Problem requirements: Out of the records below, copy all lines in which the word "cases" occurs.

START Task data

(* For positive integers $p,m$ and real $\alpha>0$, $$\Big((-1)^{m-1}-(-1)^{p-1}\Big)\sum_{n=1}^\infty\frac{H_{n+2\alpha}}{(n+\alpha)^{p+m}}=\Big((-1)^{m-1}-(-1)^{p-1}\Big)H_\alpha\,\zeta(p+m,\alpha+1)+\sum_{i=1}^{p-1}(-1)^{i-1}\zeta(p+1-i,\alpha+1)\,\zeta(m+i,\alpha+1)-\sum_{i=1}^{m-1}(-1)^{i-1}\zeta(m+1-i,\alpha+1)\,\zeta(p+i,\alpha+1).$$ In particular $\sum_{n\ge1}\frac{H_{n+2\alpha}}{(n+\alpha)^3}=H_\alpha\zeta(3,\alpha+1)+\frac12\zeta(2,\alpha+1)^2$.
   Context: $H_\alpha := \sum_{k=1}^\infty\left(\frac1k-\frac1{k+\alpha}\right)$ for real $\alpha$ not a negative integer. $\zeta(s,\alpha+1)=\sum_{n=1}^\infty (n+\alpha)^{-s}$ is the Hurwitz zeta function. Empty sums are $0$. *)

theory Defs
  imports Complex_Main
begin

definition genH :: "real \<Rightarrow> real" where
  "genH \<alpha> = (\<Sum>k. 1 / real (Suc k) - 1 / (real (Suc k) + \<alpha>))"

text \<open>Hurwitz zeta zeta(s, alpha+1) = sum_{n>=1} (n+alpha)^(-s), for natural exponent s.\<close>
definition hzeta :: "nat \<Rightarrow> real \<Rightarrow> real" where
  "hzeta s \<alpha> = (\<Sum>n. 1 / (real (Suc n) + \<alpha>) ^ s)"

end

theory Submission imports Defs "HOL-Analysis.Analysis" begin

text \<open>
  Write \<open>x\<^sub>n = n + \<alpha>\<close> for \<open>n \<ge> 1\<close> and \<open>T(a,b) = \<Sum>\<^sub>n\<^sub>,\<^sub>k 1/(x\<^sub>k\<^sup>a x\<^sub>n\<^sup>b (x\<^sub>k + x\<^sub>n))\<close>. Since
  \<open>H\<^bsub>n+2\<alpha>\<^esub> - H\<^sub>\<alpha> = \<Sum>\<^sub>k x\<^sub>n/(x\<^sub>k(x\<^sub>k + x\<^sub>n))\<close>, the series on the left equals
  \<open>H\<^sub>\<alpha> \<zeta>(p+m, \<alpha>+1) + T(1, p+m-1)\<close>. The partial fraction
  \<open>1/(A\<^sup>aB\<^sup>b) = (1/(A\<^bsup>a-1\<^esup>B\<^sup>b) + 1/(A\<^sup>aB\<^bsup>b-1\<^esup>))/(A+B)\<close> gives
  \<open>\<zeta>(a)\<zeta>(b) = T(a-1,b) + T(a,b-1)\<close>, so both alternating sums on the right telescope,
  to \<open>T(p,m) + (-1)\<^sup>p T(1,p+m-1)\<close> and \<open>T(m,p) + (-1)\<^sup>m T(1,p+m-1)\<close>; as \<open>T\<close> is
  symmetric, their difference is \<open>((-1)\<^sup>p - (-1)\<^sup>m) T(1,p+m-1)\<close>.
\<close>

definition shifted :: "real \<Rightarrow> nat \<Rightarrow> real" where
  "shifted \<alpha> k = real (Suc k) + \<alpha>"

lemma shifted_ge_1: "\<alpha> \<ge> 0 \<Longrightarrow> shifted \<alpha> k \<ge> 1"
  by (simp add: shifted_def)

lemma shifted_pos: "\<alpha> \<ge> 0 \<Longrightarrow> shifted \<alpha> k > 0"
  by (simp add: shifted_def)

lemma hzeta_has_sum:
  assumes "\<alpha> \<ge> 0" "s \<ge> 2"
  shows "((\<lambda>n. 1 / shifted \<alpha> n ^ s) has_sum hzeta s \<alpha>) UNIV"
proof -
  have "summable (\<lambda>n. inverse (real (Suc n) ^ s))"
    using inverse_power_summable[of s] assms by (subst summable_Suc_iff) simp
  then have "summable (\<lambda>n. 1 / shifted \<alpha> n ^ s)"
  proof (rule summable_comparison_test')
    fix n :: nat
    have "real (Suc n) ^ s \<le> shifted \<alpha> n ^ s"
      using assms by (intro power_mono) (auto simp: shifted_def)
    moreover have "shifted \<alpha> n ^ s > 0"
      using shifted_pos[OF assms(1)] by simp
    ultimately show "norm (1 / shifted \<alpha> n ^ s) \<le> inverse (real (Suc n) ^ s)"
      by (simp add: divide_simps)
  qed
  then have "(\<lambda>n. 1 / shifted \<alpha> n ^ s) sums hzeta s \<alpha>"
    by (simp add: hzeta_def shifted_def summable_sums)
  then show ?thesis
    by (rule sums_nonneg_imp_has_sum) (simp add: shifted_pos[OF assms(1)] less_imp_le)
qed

END Task data
START Task data

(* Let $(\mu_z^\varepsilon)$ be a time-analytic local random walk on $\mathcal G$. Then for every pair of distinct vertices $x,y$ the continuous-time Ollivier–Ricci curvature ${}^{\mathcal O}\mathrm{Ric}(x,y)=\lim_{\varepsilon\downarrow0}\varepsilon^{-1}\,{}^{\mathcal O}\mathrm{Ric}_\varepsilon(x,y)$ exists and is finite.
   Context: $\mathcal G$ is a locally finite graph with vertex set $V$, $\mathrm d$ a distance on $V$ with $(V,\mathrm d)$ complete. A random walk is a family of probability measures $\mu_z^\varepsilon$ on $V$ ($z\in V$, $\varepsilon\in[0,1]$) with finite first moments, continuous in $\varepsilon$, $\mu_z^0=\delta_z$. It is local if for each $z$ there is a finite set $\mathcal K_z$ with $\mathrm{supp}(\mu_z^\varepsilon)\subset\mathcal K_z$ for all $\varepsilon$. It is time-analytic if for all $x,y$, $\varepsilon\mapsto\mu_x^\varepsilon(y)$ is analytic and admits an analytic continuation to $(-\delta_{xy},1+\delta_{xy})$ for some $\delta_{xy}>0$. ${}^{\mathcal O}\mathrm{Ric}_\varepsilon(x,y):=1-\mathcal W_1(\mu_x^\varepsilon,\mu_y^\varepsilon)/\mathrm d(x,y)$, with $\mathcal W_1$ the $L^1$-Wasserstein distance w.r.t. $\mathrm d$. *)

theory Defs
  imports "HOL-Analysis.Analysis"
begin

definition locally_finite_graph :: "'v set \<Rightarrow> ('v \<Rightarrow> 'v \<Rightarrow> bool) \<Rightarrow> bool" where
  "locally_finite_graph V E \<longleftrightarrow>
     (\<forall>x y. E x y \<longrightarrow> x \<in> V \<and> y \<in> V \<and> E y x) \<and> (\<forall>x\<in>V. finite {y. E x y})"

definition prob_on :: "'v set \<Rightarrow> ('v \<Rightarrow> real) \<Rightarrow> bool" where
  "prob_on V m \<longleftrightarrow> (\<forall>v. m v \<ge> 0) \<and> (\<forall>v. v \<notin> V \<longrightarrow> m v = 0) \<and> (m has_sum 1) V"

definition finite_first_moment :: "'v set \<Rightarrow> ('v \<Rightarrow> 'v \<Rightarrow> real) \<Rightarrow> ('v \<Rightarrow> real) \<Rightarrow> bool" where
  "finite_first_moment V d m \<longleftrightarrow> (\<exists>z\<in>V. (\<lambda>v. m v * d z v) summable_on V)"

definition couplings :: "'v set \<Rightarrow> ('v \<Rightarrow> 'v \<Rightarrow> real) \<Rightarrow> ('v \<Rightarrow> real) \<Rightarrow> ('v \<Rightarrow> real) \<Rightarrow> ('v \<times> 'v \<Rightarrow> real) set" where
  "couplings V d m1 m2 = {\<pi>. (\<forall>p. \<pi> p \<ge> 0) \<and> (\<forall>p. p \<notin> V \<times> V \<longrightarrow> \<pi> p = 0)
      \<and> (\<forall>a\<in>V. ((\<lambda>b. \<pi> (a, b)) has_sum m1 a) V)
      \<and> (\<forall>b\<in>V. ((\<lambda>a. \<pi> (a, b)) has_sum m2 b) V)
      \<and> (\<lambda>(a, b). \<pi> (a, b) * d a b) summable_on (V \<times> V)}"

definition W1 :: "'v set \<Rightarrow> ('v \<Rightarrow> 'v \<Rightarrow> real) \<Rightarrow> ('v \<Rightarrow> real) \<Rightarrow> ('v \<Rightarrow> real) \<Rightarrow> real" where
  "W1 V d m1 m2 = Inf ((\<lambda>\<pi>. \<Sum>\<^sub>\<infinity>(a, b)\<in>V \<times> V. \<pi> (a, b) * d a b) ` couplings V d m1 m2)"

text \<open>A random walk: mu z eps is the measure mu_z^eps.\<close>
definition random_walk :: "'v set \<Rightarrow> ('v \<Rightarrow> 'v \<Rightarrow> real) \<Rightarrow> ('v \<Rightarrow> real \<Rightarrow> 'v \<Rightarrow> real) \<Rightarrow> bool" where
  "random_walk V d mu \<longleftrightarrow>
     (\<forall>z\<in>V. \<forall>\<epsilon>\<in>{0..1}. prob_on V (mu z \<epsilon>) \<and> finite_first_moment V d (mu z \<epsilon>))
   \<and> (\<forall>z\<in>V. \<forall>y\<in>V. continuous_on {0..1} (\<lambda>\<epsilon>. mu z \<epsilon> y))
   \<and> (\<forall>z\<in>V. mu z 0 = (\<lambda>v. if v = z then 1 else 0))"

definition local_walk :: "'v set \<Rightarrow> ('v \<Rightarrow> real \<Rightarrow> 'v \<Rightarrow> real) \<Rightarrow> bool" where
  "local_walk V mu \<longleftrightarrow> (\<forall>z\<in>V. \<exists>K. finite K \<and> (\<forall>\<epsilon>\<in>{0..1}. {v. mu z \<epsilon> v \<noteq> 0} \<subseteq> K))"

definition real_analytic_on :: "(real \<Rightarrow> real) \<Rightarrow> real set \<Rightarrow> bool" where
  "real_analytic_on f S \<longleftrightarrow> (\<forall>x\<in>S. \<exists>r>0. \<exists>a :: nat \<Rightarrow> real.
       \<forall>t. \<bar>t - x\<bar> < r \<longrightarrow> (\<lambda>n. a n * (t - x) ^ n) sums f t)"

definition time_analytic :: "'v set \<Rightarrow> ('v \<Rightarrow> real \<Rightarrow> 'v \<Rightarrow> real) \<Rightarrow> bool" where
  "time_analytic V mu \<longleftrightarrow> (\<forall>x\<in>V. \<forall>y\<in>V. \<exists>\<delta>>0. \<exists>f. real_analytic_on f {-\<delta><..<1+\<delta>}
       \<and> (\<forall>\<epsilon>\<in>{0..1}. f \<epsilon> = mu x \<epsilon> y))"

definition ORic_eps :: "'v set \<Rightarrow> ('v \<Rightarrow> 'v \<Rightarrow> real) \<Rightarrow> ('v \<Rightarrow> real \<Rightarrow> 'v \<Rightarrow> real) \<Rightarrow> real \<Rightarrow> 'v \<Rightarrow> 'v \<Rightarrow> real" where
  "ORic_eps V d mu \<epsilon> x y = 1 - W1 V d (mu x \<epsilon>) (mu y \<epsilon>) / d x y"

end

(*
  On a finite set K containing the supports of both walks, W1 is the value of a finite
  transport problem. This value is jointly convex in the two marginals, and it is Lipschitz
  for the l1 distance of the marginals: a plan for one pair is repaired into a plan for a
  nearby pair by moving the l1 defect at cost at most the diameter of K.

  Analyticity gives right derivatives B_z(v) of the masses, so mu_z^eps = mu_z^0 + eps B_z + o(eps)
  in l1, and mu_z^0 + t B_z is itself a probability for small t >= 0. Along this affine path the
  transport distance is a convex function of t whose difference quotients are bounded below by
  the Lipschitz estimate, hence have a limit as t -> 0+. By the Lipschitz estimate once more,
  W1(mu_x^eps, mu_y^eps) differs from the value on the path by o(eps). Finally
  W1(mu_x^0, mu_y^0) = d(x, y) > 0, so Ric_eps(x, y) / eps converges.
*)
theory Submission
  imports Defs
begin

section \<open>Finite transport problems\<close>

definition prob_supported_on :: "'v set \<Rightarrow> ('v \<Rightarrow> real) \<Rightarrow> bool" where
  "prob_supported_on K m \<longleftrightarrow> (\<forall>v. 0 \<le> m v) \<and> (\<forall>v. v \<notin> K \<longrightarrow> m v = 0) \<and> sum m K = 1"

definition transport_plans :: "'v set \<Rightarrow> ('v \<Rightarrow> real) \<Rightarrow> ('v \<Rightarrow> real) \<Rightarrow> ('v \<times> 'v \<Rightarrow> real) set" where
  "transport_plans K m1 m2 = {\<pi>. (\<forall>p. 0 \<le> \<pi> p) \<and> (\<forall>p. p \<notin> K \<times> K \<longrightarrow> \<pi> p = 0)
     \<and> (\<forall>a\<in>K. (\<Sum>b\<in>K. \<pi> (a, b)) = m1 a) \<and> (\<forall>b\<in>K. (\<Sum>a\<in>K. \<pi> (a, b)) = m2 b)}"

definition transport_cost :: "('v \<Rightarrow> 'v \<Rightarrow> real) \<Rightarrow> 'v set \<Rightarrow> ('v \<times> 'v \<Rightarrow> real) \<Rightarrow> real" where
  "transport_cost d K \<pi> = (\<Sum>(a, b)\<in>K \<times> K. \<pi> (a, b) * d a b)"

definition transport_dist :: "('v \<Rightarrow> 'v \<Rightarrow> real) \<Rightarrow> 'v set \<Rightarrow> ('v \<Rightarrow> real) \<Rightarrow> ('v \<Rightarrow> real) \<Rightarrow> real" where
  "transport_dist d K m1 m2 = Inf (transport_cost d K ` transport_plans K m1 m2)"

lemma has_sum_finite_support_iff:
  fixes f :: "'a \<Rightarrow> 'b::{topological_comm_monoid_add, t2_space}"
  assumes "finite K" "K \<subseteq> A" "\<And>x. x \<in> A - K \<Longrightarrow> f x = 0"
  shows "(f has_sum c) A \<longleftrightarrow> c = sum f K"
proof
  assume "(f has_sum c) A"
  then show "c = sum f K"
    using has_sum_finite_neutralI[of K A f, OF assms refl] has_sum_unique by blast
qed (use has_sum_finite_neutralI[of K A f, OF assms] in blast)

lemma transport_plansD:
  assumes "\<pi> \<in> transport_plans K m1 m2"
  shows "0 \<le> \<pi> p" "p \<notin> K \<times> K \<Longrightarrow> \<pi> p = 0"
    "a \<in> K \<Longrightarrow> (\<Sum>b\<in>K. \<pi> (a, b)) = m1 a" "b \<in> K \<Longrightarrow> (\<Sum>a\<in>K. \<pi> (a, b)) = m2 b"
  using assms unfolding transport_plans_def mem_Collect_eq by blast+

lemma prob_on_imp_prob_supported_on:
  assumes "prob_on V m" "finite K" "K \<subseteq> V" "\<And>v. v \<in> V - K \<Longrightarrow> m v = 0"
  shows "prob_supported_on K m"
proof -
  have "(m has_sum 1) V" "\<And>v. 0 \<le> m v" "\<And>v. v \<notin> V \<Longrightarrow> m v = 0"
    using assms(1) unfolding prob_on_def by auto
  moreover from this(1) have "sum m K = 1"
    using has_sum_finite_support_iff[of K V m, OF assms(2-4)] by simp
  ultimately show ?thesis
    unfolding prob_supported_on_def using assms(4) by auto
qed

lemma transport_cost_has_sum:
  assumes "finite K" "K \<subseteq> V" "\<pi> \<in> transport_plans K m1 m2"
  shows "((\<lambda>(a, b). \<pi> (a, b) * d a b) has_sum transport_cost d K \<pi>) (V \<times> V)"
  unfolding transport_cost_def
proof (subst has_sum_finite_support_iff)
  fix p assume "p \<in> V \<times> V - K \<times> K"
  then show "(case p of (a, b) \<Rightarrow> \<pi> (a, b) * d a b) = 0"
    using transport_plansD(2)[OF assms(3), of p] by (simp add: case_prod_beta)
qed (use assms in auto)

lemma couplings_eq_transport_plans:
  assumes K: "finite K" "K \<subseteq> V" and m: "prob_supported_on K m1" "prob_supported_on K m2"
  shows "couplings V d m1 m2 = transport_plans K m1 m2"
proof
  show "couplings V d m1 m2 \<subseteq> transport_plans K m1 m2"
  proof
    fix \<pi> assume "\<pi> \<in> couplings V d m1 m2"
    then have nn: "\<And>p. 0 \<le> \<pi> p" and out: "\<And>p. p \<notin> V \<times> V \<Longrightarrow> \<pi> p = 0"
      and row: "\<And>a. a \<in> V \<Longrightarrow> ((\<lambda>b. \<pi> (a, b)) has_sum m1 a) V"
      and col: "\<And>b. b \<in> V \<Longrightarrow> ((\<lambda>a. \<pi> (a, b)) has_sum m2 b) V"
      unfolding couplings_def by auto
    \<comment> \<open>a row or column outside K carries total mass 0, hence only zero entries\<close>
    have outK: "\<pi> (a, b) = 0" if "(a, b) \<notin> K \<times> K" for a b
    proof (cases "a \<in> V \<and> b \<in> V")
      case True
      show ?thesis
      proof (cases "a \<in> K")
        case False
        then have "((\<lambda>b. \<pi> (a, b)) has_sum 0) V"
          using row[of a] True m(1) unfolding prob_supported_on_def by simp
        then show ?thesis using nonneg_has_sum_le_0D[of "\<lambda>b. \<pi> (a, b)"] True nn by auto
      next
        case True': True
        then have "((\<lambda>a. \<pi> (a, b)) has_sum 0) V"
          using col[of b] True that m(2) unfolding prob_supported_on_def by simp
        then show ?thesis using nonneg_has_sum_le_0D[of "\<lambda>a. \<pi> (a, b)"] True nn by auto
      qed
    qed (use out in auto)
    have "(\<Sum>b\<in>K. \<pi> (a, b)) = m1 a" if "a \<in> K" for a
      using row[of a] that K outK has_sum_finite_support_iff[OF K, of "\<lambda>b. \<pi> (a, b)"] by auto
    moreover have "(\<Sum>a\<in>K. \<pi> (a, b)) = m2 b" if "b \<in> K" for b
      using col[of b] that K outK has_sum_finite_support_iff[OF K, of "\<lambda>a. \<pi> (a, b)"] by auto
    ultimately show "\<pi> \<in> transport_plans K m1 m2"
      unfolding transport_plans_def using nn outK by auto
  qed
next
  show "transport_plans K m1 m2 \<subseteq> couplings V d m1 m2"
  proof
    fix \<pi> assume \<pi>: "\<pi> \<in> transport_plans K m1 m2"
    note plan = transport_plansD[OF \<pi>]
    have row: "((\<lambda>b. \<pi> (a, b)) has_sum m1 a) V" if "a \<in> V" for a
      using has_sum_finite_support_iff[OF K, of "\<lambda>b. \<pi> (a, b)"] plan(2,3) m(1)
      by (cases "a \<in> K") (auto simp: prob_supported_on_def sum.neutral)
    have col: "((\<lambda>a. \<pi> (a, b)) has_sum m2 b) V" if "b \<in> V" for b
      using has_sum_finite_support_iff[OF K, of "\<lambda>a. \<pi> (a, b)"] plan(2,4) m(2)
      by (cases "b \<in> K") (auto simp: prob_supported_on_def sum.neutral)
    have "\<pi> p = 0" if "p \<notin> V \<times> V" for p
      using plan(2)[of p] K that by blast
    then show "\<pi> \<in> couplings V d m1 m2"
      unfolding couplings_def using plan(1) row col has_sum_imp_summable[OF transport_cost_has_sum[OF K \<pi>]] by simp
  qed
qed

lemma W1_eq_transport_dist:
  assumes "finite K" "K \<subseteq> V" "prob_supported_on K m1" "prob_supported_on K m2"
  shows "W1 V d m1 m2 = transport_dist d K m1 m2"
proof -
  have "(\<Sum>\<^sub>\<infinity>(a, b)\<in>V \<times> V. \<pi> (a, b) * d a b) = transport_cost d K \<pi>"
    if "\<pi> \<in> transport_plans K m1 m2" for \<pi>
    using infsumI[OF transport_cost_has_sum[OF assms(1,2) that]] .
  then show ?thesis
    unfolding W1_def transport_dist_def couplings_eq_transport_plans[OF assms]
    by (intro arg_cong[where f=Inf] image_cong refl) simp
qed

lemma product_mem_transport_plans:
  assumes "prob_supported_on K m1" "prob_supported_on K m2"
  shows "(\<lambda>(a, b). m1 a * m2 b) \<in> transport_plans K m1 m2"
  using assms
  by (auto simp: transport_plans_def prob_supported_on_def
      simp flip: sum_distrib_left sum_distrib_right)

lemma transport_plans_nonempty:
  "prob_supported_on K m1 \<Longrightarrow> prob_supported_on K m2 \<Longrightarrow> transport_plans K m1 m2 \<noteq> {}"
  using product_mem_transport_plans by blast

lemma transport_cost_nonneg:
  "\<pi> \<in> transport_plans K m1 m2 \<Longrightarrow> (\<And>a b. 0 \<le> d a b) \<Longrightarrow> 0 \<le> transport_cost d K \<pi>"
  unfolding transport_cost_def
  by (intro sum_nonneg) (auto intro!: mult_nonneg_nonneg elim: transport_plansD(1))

END Task data

Answer for the task:
    proof (cases "a \<in> V \<and> b \<in> V")
      proof (cases "a \<in> K")
      by (cases "a \<in> K") (auto simp: prob_supported_on_def sum.neutral)
      by (cases "b \<in> K") (auto simp: prob_supported_on_def sum.neutral)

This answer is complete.